What’s to become of the mildly introverted, privacy-loving, non-aligned personality? He has no taste for soapboxing. Perhaps he doesn’t vote and likely has never joined a political party, a church or even a bowling league. He is happiest reading, enjoying the company of family and friends, and pondering (often mistaken for doing nothing). He has no social media presence and is the diametric opposite of an “influencer.” 

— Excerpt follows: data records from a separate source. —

lemma sampled_steps_power2_bound:
  fixes gy Fy gx Fx wf ef wF eF wft eft wFt eFt :: "'a::real_normed_vector"
    and \<rho> Cf CF :: real
  assumes "norm gy \<le> Cf" "norm gx \<le> Cf" "norm Fy \<le> CF" "norm Fx \<le> CF"
  defines "W \<equiv> wf + ef + \<rho> *\<^sub>R wF + \<rho> *\<^sub>R eF"
  shows "2 * (norm (gy + \<rho> *\<^sub>R Fy + W))\<^sup>2
      + (norm (gx + \<rho> *\<^sub>R Fx + wft + eft + \<rho> *\<^sub>R wFt + \<rho> *\<^sub>R eFt))\<^sup>2 + (norm W)\<^sup>2
    \<le> 4 * ((6 * Cf\<^sup>2 + 3 * (norm wft)\<^sup>2 + 3 * (norm eft)\<^sup>2 + 4 * (norm wf)\<^sup>2 + 4 * (norm ef)\<^sup>2)
      + \<rho>\<^sup>2 * (6 * CF\<^sup>2 + 3 * (norm wFt)\<^sup>2 + 3 * (norm eFt)\<^sup>2 + 4 * (norm wF)\<^sup>2 + 4 * (norm eF)\<^sup>2))"
proof -
  have "(norm (gy + \<rho> *\<^sub>R Fy + W))\<^sup>2 \<le> 6 * ((norm gy)\<^sup>2 + \<rho>\<^sup>2 * (norm Fy)\<^sup>2
      + (norm wf)\<^sup>2 + (norm ef)\<^sup>2 + \<rho>\<^sup>2 * (norm wF)\<^sup>2 + \<rho>\<^sup>2 * (norm eF)\<^sup>2)"
    using norm_sum_list_power2_le[of "[gy, \<rho> *\<^sub>R Fy, wf, ef, \<rho> *\<^sub>R wF, \<rho> *\<^sub>R eF]"]
    by (simp add: W_def add.assoc power_mult_distrib)
  moreover have "(norm (gx + \<rho> *\<^sub>R Fx + wft + eft + \<rho> *\<^sub>R wFt + \<rho> *\<^sub>R eFt))\<^sup>2 \<le> 6 * ((norm gx)\<^sup>2
      + \<rho>\<^sup>2 * (norm Fx)\<^sup>2 + (norm wft)\<^sup>2 + (norm eft)\<^sup>2 + \<rho>\<^sup>2 * (norm wFt)\<^sup>2 + \<rho>\<^sup>2 * (norm eFt)\<^sup>2)"
    using norm_sum_list_power2_le[of "[gx, \<rho> *\<^sub>R Fx, wft, eft, \<rho> *\<^sub>R wFt, \<rho> *\<^sub>R eFt]"]
    by (simp add: add.assoc power_mult_distrib)
  moreover have "(norm W)\<^sup>2 \<le> 4 * ((norm wf)\<^sup>2 + (norm ef)\<^sup>2 + \<rho>\<^sup>2 * (norm wF)\<^sup>2 + \<rho>\<^sup>2 * (norm eF)\<^sup>2)"
    using norm_sum_list_power2_le[of "[wf, ef, \<rho> *\<^sub>R wF, \<rho> *\<^sub>R eF]"]
    by (simp add: W_def add.assoc power_mult_distrib)
  moreover have "(norm gy)\<^sup>2 \<le> Cf\<^sup>2" "(norm gx)\<^sup>2 \<le> Cf\<^sup>2"
    "\<rho>\<^sup>2 * (norm Fy)\<^sup>2 \<le> \<rho>\<^sup>2 * CF\<^sup>2" "\<rho>\<^sup>2 * (norm Fx)\<^sup>2 \<le> \<rho>\<^sup>2 * CF\<^sup>2"
    using assms(1-4) by (simp_all add: power_mono mult_left_mono)
  moreover have "0 \<le> (norm wft)\<^sup>2" "0 \<le> (norm eft)\<^sup>2" "0 \<le> \<rho>\<^sup>2 * (norm wFt)\<^sup>2"
    "0 \<le> \<rho>\<^sup>2 * (norm eFt)\<^sup>2" "0 \<le> Cf\<^sup>2" "0 \<le> \<rho>\<^sup>2 * CF\<^sup>2"
    by simp_all
  ultimately show ?thesis by (simp only: distrib_left)
qed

Such thoughts are prompted by Irwin Edman (1896-1954), a name unknown to me until Sunday when Isaac Waisberg sent me a link to Edman’s book Under Whatever Sky (1951).  Isaac is among the internet’s quiet benefactors and asks for nothing in return. His IWP Books publishes volumes long out of print, including titles by Desmond MacCarthy, Jacques Barzun and John Jay Chapman. Edman was a prolific writer and throughout his adult life taught philosophy at Columbia University. Under What Sky collects the columns or brief essays he wrote for The American Scholar, starting in 1945.

 

Edman takes the title of his volume from George Santayana, whose The Philosophy of Santayana (1936, enlarged 1953) he edited for the Modern Library. Like the Spaniard, Edman seems to have been one of nature’s spectators, happiest when observing, not joining the swelter. In his first column, “All Time, All Existence,” he writes:

 

“‘Under whatever sky I had been born, since it is the same sky, I should have had the same philosophy.’ Nothing could better express than this sentence of Santayana’s the ambition and the illusion of the philosophic mind, the aspiration to survey the scene of nature and of life with such candor and exactness that the prejudices of time, place, and temperament will vanish and that the thoughts one speaks will be the thoughts of Nature herself. I have no such illusion.”

 

Edman tells us he will try to attain “the philosophical ambition to see even contemporary things under the aspect of eternity.” He writes “familiar essays” and usually avoids academic sententiousness. In the column titled “Dial Tone,” he describes the reassurance he feels when hearing a dial tone on the telephone, “a pleasure in the recognition, a sense that all is well.” This he likens to the pleasure he sometimes takes in a book:

 

“I have long cherished the belief that in reading one has a similar experience. In the first page, sometimes in the first paragraph, of a writer whom one has never read before, one is aware, in the tone and cadence of the sentences themselves, that one has the dial tone, or, perhaps, that the connection has been made. There will doubtless be a good deal about the book that will be a disappointment: perhaps the tone will be lost or the connection broken. But what a thrill it is to come upon it, if for the moment only.”

 

In the final column, “Conclusion,” Edman refers to his essays as “meditations, these incidental causeries” [OED: “an informal piece of writing, typically humorous and published as a short essay or newspaper column”]. That’s about right. A column written by an academic philosopher today would likely be pretentious, jargon-ridden, vogueish, preoccupied with politics and unreadable by a person outside a university. Edman fashions himself an Everyman, a sort of mid-twentieth-century Montaigne with a hint of Santayana. In “Conclusion,” Edman speculates about the world in 1994 and reveals himself as something of a prophet:   

 

“We are by all the signs moving into an era of standardization, of suffocating order, not altogether caused by external threats of tyranny. Soon play of mind and freedom of imagination may be completely suspect. . . . and tolerance may come to be the sign not of a just but of an empty mind. Only such literary works may be permitted as teach a wholesome doctrine, such as equality or justice, dogmatically defined by government edict. Only such treatises may be permitted as communicate facts it is considered urgent and timely to know. The reflective essay may be forbidden by public opinion if not by law. The merely playful exercises of the mind or of memory or invention may be regarded as truancy from rational behavior. The book that is merely harmless may be judged by that time the most harmful of all.”